Observational research led by Shandong University in China suggests poor sleep can increase a person’s risk of developing asthma, particularly if they also have a genetic susceptibility to the condition.
Asthma is a chronic inflammatory condition impacting the respiratory system that affects millions of people around the world. While it can occur spontaneously, there are a range of genetic mutations that appear to increase someone’s risk of developing the condition.
Sleep disturbances commonly co-occur with asthma, but whether sleep quality and duration can impact a person’s risk for developing the condition is less clear.
As reported in the BMJ Open Respiratory Research journal, Fuzhong Xue, a professor at Shandong University, and co-authors carried out an observational study using data from the UK Biobank cohort involving 455,405 participants aged 38–73 years. The team assessed sleep, using a five-trait sleep score including: chronotype, sleep duration, insomnia, snoring and excessive daytime sleepiness, and genetic propensity for asthma using polygenic risk scores (PRS).
Over a 10-year period, 17,836 people were diagnosed with asthma in the cohort. The researchers found that people with the lowest scores for sleep quality had a 55% increase in risk for asthma relative to those with good sleep. Similarly, those in the highest PRS score group had a 47% increase in risk for the condition compared with those in the lowest.
Notably, when both sleep quality and asthma PRS were combined, those in the highest group for both traits had a two-fold increased risk for asthma compared with individuals with good sleep and low genetic risk. The researchers also showed that individuals with a healthy sleep pattern but high genetic susceptibility were 37% less likely to develop asthma than those with both poor sleep quality and high genetic risk.
“Mechanistically, several possible pathways could explain the role of sleep in the development of asthma. First, the negative impact of sleep disorders on asthma, which is generally considered a chronic inflammatory disease, might be mediated by sleep-induced chronic inflammation,” write the authors.

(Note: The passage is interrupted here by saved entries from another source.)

lemma square_system_solvable:
  fixes M :: "nat \<Rightarrow> nat \<Rightarrow> 'a::field"
  assumes inj: "\<And>v. \<forall>j<n. (\<Sum>i<n. M j i * v i) = 0 \<Longrightarrow> \<forall>i<n. v i = 0"
  shows "\<exists>v. \<forall>j<n. (\<Sum>i<n. M j i * v i) = b j"
proof -
  define M' where "M' = Matrix.mat n n (\<lambda>(j, i). M j i)"
  have M': "M' \<in> carrier_mat n n" unfolding M'_def by simp
  have mult_M': "vec_index (mult_mat_vec M' w) j = (\<Sum>i<n. M j i * vec_index w i)"
    if "j < n" "w \<in> carrier_vec n" for j w
    using that unfolding M'_def by (simp add: scalar_prod_def atLeast0LessThan)
  have "Determinant.det M' \<noteq> 0"
  proof
    assume "Determinant.det M' = 0"
    then obtain w where w: "w \<in> carrier_vec n" "w \<noteq> zero_vec n" "mult_mat_vec M' w = zero_vec n"
      using det_0_iff_vec_prod_zero_field[OF M'] by auto
    have "\<forall>j<n. (\<Sum>i<n. M j i * vec_index w i) = 0"
      using mult_M'[OF _ w(1)] w(3) by simp
    then have "\<forall>i<n. vec_index w i = 0" by (rule inj)
    then have "w = zero_vec n" using w(1) by (intro eq_vecI) auto
    with w(2) show False ..
  qed
  then obtain B where B: "M' * B = one_mat n" "B \<in> carrier_mat n n"
    using det_non_zero_imp_unit[OF M'] unfolding Units_def ring_mat_def by auto
  define u where "u = mult_mat_vec B (Matrix.vec n b)"
  have "mult_mat_vec M' u = Matrix.vec n b"
    unfolding u_def using assoc_mult_mat_vec[OF M' B(2), of "Matrix.vec n b"] B(1) by simp
  moreover have "u \<in> carrier_vec n" unfolding u_def using B(2) by simp
  ultimately show ?thesis using mult_M' by (metis index_vec)
qed

lemma Amul_add: "Amul N A (\<lambda>i. y i + v i) = (\<lambda>k. Amul N A y k + Amul N A v k)"
  unfolding Amul_def by (simp add: algebra_simps sum.distrib)

lemma Amul_restrict: "Amul N A (\<lambda>i\<in>{..<N - 1}. y i) = Amul N A y"
  unfolding Amul_def by (intro ext sum.cong) auto

lemma sum_Amul_eq_0:
  assumes "is_onb_sum_zero N A"
  shows "(\<Sum>k<N. Amul N A y k) = 0"
proof -
  have "(\<Sum>k<N. Amul N A y k) = (\<Sum>j<N - 1. y j * (\<Sum>k<N. A k j))"
    unfolding Amul_def by (subst sum.swap) (simp add: sum_distrib_left mult.commute)
  also have "\<dots> = 0" using assms unfolding is_onb_sum_zero_def by simp
  finally show ?thesis .
qed

lemma sum_Amul_sq:
  assumes "is_onb_sum_zero N A"
  shows "(\<Sum>k<N. (Amul N A y k)^2) = (\<Sum>j<N - 1. (y j)^2)"
proof -
  have "(\<Sum>k<N. (Amul N A y k)^2) = (\<Sum>k<N. \<Sum>i<N - 1. \<Sum>j<N - 1. y i * y j * (A k i * A k j))"
    unfolding Amul_def power2_eq_square sum_product by (simp add: algebra_simps)
  also have "\<dots> = (\<Sum>i<N - 1. \<Sum>j<N - 1. y i * y j * (\<Sum>k<N. A k i * A k j))"
    by (subst sum.swap, rule sum.cong[OF refl], subst sum.swap) (simp add: sum_distrib_left)
  also have "\<dots> = (\<Sum>i<N - 1. \<Sum>j<N - 1. if i = j then y i * y j else 0)"
    using assms unfolding is_onb_sum_zero_def by (intro sum.cong refl) simp
  also have "\<dots> = (\<Sum>j<N - 1. (y j)^2)" by (simp add: power2_eq_square)
  finally show ?thesis .
qed

lemma tP2_plus_Q_eq_laplacian_form:
  "t * Pm 2 N A y + Qf \<mu> N A y = laplacian_form \<mu> N t (Amul N A y) (Amul N A y)"
  unfolding Qf_def Pm_def laplacian_form_def
  by (simp add: sum.distrib sum_distrib_left algebra_simps power2_eq_square sum_subtractf)

lemma laplacian_form_Amul:
  assumes "0 < N"
  shows "laplacian_form \<mu> N t (Amul N A y) (Amul N A v) =
    (\<Sum>j<N - 1. y j * (\<Sum>i<N - 1. laplacian_form \<mu> N t (\<lambda>k. A k j) (\<lambda>k. A k i) * v i))"
proof -
  have Amul_eq: "Amul N A y = (\<lambda>k. \<Sum>j<N - 1. y j * A k j)" for y
    unfolding Amul_def by (simp add: mult.commute)
  show ?thesis
    unfolding Amul_eq laplacian_form_sum_left laplacian_form_sum_right[OF assms]
    by (simp add: mult.commute)
qed

section \<open>Translation invariance and Gaussian integrability on \<open>RN n\<close>\<close>

lemma product_sigma_finite_lborel: "product_sigma_finite (\<lambda>_::nat. lborel :: real measure)"
  by (simp add: product_sigma_finite_def lborel.sigma_finite_measure_axioms)

lemma measurable_RN_component[measurable]: "(\<lambda>y. y j) \<in> borel_measurable (RN n)"
proof (cases "j < n")
  case True
  have "(\<lambda>y. y j) \<in> measurable (PiM {..<n} (\<lambda>_. lborel)) lborel"
    by (rule measurable_component_singleton) (use True in simp)
  then show ?thesis unfolding RN_def by (metis measurable_cong_sets sets_lborel)
next
  case False
  have "(\<lambda>y. undefined) \<in> borel_measurable (RN n)" by simp
  then show ?thesis
    by (rule measurable_cong[THEN iffD1, rotated])
       (use False in \<open>auto simp: RN_def space_PiM PiE_def extensional_def\<close>)
qed

lemma Amul_measurable[measurable]: "(\<lambda>y. Amul N A y k) \<in> borel_measurable (RN n)"
  unfolding Amul_def by measurable

lemma weight_measurable[measurable]: "weight \<mu> N A t \<in> borel_measurable (RN n)"
  unfolding weight_def Pm_def Qf_def KN_def by measurable

lemma distr_RN_translate: "distr (RN n) (RN n) (\<lambda>y. \<lambda>i\<in>{..<n}. y i + v i) = RN n"
  unfolding RN_def
proof (rule product_sigma_finite.PiM_eqI[OF product_sigma_finite_lborel])
  let ?T = "\<lambda>y. \<lambda>i\<in>{..<n}. y i + v i"
  show "finite {..<n}" by simp
  show "sets (distr (Pi\<^sub>M {..<n} (\<lambda>_. lborel)) (Pi\<^sub>M {..<n} (\<lambda>_. lborel)) ?T)
      = sets (Pi\<^sub>M {..<n} (\<lambda>_. lborel))" by simp
  fix B assume B: "\<And>i. i \<in> {..<n} \<Longrightarrow> B i \<in> sets (lborel::real measure)"
  have T: "?T \<in> Pi\<^sub>M {..<n} (\<lambda>_. lborel) \<rightarrow>\<^sub>M Pi\<^sub>M {..<n} (\<lambda>_. lborel)" by measurable
  have preimage: "(\<lambda>u. u + v i) -` B i \<in> sets lborel" if "i < n" for i
  proof -
    have "(\<lambda>u::real. u + v i) \<in> borel_measurable borel" by measurable
    then have "(\<lambda>u. u + v i) -` B i \<in> sets borel"
      by (rule measurable_sets_borel) (use B[of i] that in simp)
    then show ?thesis by simp
  qed
  have "Pi\<^sub>E {..<n} B \<in> sets (Pi\<^sub>M {..<n} (\<lambda>_. lborel))"
    using B by (intro sets_PiM_I_finite) auto
  moreover have "?T -` Pi\<^sub>E {..<n} B \<inter> space (Pi\<^sub>M {..<n} (\<lambda>_. lborel))
      = Pi\<^sub>E {..<n} (\<lambda>i. (\<lambda>u. u + v i) -` B i)"
    by (auto simp: space_PiM PiE_def Pi_def extensional_def)
  ultimately have "emeasure (distr (Pi\<^sub>M {..<n} (\<lambda>_. lborel)) (Pi\<^sub>M {..<n} (\<lambda>_. lborel)) ?T) (Pi\<^sub>E {..<n} B)
      = emeasure (Pi\<^sub>M {..<n} (\<lambda>_. lborel)) (Pi\<^sub>E {..<n} (\<lambda>i. (\<lambda>u. u + v i) -` B i))"
    using T by (simp add: emeasure_distr)
  also have "\<dots> = (\<Prod>i<n. emeasure lborel ((\<lambda>u. u + v i) -` B i))"
    using preimage by (subst product_sigma_finite.emeasure_PiM[OF product_sigma_finite_lborel]) auto
  also have "\<dots> = (\<Prod>i<n. emeasure lborel (B i))"
  proof (intro prod.cong refl)
    fix i assume "i \<in> {..<n}"
    then have Bi: "B i \<in> sets borel" using B by simp
    have "emeasure lborel (B i) = emeasure (distr lborel borel ((+) (v i))) (B i)"
      by (simp add: lborel_distr_plus)
    also have "\<dots> = emeasure lborel ((+) (v i) -` B i \<inter> space lborel)"
      by (rule emeasure_distr) (use Bi in auto)
    moreover have "(\<lambda>u. u + v i) = (+) (v i)" by (auto simp: add.commute)
    ultimately show "emeasure lborel ((\<lambda>u. u + v i) -` B i) = emeasure lborel (B i)" by simp
  qed
  finally show "emeasure (distr (Pi\<^sub>M {..<n} (\<lambda>_. lborel)) (Pi\<^sub>M {..<n} (\<lambda>_. lborel)) ?T) (Pi\<^sub>E {..<n} B)
      = (\<Prod>i\<in>{..<n}. emeasure lborel (B i))" by simp
qed

lemma integral_RN_translate:
  fixes f :: "(nat \<Rightarrow> real) \<Rightarrow> real"
  assumes "f \<in> borel_measurable (RN n)"
  shows "(\<integral>y. f (\<lambda>i\<in>{..<n}. y i + v i) \<partial>RN n) = (\<integral>y. f y \<partial>RN n)"
proof -
  have T: "(\<lambda>y. \<lambda>i\<in>{..<n}. y i + v i) \<in> RN n \<rightarrow>\<^sub>M RN n" unfolding RN_def by measurable
  have "(\<integral>y. f y \<partial>RN n) = (\<integral>y. f y \<partial>distr (RN n) (RN n) (\<lambda>y. \<lambda>i\<in>{..<n}. y i + v i))"
    by (simp add: distr_RN_translate)
  also have "\<dots> = (\<integral>y. f (\<lambda>i\<in>{..<n}. y i + v i) \<partial>RN n)" by (rule integral_distr[OF T assms])
  finally show ?thesis ..
qed

lemma integrable_exp_affine_minus_sq:
  fixes a c :: real
  assumes c: "0 < c"
  shows "integrable lborel (\<lambda>u. exp (a * u - c * u^2))"
proof -
  define m where "m = a / (2 * c)"
  define s where "s = sqrt (1 / (2 * c))"
  have s: "0 < s" "s^2 = 1 / (2 * c)" unfolding s_def using c by simp_all
  define K where "K = exp (a^2 / (4 * c)) * sqrt (2 * pi * s^2)"
  have "integrable lborel (\<lambda>u. K * normal_density m s u)"
    using integrable_normal_density[OF s(1)] by simp
  moreover have "K * normal_density m s u = exp (a * u - c * u^2)" for u
  proof -
    have "K * normal_density m s u = exp (a^2 / (4 * c)) * exp (- ((u - m)^2) / (2 * s^2))"
      unfolding K_def normal_density_def using s c by simp
    also have "\<dots> = exp (a^2 / (4 * c) - (u - m)^2 * c)" unfolding s(2)
      using c by (simp add: exp_add[symmetric] field_simps)
    also have "a^2 / (4 * c) - (u - m)^2 * c = a * u - c * u^2"
      unfolding m_def using c by (simp add: field_simps power2_eq_square)
    finally show ?thesis .
  qed
  ultimately show ?thesis by simp
qed

lemma integrable_RN_exp_linear_mult:
  fixes c :: real
  assumes c: "0 < c" and g: "g \<in> borel_measurable (RN n)"
    and bound: "\<And>y. \<bar>g y\<bar> \<le> exp (- c * (\<Sum>j<n. (y j)^2))"
  shows "integrable (RN n) (\<lambda>y. exp (\<Sum>j<n. a j * y j) * g y)"
proof -
  define h where "h y = (\<Prod>j<n. exp (a j * y j - c * (y j)^2))" for y :: "nat \<Rightarrow> real"
  have "integrable (RN n) h" unfolding RN_def h_def
    by (rule product_sigma_finite.product_integrable_prod[OF product_sigma_finite_lborel])
      (auto intro: integrable_exp_affine_minus_sq[OF c])
  then show ?thesis
  proof (rule Bochner_Integration.integrable_bound)
    show "(\<lambda>y. exp (\<Sum>j<n. a j * y j) * g y) \<in> borel_measurable (RN n)" using g by measurable
    show "AE y in RN n. norm (exp (\<Sum>j<n. a j * y j) * g y) \<le> norm (h y)"
    proof (rule AE_I2)
      fix y :: "nat \<Rightarrow> real"
      have "norm (exp (\<Sum>j<n. a j * y j) * g y) \<le> exp (\<Sum>j<n. a j * y j) * exp (- c * (\<Sum>j<n. (y j)^2))"
        using bound[of y] by (simp add: abs_mult)
      also have "\<dots> = h y" unfolding h_def
        by (simp add: exp_sum[symmetric] exp_add[symmetric] sum_subtractf sum_distrib_left sum_negf)
      also have "\<dots> \<le> norm (h y)" by simp
      finally show "norm (exp (\<Sum>j<n. a j * y j) * g y) \<le> norm (h y)" .
    qed
  qed
qed

section \<open>Exponential and fourth moments\<close>

lemma divide_le_of_le_mult:
  fixes a b c :: real
  assumes "a \<le> c * b" and "0 \<le> b" and "0 \<le> c"
  shows "a / b \<le> c"
  using assms by (cases "b = 0") (simp_all add: pos_divide_le_eq)

lemma mult_minus_sq_le:
  fixes c s x :: real
  assumes "0 < c"
  shows "s * x - c * x^2 \<le> s^2 / (4 * c)"
proof -
  have "4 * c * (s * x - c * x^2) = s^2 - (s - 2 * c * x)^2" by (simp add: power2_eq_square algebra_simps)
  also have "\<dots> \<le> s^2" by simp
  finally show ?thesis using assms by (simp add: field_simps)
qed

lemma pow4_le_exp: "(u::real)^4 \<le> 256 * (exp u + exp (- u))"
proof -
  have pos: "x^4 \<le> 256 * exp x" if "x \<ge> 0" for x :: real
  proof -
    have "x / 4 \<le> exp (x / 4)" using exp_ge_add_one_self[of "x / 4"] by linarith
    then have "(x / 4)^4 \<le> (exp (x / 4))^4" using that by (intro power_mono) auto
    also have "(exp (x / 4))^4 = exp x" by (simp add: exp_of_nat_mult[symmetric])
    finally show ?thesis by (simp add: power_divide)
  qed
  have "u^4 \<le> 256 * exp u \<or> u^4 \<le> 256 * exp (- u)"
    using pos[of u] pos[of "- u"] by (cases "u \<ge> 0") simp_all
  moreover have "0 < exp u" "0 < exp (- u)" by simp_all
  ultimately show ?thesis by (smt (verit))
qed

“In addition, chronotype, snoring and sleepiness were all shown to be associated with specific inflammatory reactions. In theory, the immune response to inflammation could generate proinflammatory cytokines that result in cellular infiltration and airway inflammation, further increasing the risk of asthma.”
Although this study was carried out in a large cohort of people, its observational nature and lack of knowledge about all possible confounding factors mean that it cannot be used as evidence that poor sleep causes asthma. But the findings are suggestive and indicate that “early detection and management of sleep disorders could be beneficial to reduce asthma incidence,” conclude the researchers.